▼

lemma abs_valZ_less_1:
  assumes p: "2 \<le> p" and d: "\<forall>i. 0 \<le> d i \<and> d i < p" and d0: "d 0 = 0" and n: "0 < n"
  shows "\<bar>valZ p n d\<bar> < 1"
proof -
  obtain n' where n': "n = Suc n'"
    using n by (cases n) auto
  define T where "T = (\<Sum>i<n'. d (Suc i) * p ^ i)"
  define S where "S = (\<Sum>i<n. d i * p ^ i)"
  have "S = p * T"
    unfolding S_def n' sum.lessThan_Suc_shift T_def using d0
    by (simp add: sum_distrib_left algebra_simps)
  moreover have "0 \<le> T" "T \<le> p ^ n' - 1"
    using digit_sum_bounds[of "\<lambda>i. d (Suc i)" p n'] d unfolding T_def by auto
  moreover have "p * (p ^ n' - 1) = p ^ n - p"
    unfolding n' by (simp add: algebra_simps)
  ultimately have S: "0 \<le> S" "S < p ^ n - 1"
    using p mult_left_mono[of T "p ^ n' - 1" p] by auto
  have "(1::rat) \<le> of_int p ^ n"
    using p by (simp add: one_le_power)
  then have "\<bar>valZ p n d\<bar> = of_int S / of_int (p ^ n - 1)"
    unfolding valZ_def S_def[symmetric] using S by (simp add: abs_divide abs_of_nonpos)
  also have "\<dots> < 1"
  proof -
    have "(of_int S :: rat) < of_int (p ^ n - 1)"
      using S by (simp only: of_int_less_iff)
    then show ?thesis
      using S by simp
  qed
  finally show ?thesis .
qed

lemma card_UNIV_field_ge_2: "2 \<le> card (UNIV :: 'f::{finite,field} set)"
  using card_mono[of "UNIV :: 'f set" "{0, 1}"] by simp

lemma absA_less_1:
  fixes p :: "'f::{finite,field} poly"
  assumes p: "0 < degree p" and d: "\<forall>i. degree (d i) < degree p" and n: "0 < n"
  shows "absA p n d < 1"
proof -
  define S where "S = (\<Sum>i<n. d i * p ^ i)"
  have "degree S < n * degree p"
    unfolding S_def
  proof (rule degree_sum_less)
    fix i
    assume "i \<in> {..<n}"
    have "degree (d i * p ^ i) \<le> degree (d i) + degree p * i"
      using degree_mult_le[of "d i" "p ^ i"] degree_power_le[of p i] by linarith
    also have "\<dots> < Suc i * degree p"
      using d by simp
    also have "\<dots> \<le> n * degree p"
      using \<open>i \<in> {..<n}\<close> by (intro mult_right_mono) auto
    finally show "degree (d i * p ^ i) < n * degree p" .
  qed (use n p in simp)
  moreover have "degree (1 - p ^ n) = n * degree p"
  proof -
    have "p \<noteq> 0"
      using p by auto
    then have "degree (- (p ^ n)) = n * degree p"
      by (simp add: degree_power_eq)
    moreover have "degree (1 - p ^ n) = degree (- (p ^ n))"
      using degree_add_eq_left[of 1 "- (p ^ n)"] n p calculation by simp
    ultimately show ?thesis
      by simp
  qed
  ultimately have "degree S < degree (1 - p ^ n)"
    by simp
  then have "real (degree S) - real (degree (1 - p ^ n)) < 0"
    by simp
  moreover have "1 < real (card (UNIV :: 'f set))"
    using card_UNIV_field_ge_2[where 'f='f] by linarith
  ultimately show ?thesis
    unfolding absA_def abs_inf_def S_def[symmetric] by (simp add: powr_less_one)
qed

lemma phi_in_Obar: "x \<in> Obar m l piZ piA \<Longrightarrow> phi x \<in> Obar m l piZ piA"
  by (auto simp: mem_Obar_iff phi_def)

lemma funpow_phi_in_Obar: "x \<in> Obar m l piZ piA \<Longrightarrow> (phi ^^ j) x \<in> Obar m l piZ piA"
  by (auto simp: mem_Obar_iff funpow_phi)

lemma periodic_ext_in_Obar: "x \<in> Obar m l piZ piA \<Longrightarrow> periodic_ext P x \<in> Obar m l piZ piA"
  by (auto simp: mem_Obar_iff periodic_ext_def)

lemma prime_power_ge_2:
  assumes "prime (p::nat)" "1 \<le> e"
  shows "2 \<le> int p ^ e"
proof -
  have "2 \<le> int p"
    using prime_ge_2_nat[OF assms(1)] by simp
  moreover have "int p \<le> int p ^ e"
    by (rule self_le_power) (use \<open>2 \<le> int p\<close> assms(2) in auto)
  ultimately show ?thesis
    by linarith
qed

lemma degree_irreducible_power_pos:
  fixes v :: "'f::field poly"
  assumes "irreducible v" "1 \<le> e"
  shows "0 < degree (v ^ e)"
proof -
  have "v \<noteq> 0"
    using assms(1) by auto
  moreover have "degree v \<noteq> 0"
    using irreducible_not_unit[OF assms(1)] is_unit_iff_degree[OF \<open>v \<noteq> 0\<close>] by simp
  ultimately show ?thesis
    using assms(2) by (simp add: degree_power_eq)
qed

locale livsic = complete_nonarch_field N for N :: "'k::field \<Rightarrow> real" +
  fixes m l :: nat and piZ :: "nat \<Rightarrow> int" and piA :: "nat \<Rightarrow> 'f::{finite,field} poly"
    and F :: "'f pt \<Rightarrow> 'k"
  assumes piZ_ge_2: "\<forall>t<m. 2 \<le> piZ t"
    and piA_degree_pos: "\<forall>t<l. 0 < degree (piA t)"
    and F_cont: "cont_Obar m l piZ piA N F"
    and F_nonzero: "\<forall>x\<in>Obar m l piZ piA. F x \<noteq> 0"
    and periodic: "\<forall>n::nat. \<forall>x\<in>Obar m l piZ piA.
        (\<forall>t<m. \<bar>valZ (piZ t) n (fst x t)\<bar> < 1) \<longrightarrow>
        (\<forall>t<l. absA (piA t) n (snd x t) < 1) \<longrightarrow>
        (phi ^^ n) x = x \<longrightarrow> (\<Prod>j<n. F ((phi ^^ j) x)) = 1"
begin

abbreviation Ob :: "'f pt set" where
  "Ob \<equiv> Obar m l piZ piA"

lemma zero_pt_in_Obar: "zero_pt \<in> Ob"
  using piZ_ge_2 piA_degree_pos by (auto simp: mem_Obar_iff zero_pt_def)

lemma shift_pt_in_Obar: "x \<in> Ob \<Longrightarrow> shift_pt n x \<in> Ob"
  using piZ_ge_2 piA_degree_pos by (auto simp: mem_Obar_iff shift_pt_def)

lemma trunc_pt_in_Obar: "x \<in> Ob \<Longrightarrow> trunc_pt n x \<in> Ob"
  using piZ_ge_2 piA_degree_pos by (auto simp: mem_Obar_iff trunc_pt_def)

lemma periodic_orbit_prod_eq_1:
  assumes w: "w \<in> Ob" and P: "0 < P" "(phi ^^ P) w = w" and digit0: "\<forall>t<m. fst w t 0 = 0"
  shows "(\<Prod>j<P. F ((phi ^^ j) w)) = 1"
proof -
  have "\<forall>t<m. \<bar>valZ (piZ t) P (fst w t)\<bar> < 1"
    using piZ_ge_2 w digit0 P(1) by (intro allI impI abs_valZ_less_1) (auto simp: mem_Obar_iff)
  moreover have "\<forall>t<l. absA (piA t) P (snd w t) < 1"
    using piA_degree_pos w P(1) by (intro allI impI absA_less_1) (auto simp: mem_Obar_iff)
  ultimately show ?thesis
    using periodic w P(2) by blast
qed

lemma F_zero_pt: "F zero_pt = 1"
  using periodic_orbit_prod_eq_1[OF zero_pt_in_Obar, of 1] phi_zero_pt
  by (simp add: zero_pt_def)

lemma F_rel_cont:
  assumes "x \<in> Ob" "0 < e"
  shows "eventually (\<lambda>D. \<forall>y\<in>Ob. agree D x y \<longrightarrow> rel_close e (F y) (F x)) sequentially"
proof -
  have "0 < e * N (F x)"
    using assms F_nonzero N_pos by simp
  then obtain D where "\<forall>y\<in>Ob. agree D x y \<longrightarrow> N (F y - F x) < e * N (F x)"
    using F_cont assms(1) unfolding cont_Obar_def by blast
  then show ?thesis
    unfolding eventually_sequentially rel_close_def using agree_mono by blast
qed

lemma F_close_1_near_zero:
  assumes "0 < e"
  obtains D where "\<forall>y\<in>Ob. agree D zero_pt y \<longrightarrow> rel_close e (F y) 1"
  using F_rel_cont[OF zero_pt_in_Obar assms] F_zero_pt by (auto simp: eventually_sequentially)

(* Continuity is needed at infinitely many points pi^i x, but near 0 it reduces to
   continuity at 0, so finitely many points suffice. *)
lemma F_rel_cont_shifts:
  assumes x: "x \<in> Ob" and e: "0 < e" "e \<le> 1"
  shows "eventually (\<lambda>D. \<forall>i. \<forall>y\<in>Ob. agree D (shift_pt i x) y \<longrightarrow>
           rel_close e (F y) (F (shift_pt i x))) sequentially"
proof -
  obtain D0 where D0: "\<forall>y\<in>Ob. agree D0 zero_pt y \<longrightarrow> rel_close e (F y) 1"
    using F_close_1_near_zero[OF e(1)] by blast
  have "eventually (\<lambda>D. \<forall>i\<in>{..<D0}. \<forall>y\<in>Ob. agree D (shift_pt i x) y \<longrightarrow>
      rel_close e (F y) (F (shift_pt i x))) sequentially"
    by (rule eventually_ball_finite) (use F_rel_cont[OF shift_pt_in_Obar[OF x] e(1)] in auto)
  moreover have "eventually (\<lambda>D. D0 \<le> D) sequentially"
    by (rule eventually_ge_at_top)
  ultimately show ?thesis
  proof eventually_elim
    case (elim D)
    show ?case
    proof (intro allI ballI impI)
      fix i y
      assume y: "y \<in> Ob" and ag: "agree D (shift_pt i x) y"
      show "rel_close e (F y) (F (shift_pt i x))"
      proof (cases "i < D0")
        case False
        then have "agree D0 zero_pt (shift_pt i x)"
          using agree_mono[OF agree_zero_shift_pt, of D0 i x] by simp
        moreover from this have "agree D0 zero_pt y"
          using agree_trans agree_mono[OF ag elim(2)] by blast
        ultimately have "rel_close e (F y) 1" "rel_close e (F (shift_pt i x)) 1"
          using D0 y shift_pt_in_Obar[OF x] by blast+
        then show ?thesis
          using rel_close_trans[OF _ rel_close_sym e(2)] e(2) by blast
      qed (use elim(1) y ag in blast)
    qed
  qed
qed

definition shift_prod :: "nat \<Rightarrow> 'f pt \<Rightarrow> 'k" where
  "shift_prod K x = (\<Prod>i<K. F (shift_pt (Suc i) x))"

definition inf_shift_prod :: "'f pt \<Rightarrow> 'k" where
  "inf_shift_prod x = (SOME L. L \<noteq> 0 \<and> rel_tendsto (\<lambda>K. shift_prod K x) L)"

▲

> Work to be completed
Scan the records for the string "impI" and show every line that contains it.

> Answer area
    using piZ_ge_2 w digit0 P(1) by (intro allI impI abs_valZ_less_1) (auto simp: mem_Obar_iff)
    using piA_degree_pos w P(1) by (intro allI impI absA_less_1) (auto simp: mem_Obar_iff)
    proof (intro allI ballI impI)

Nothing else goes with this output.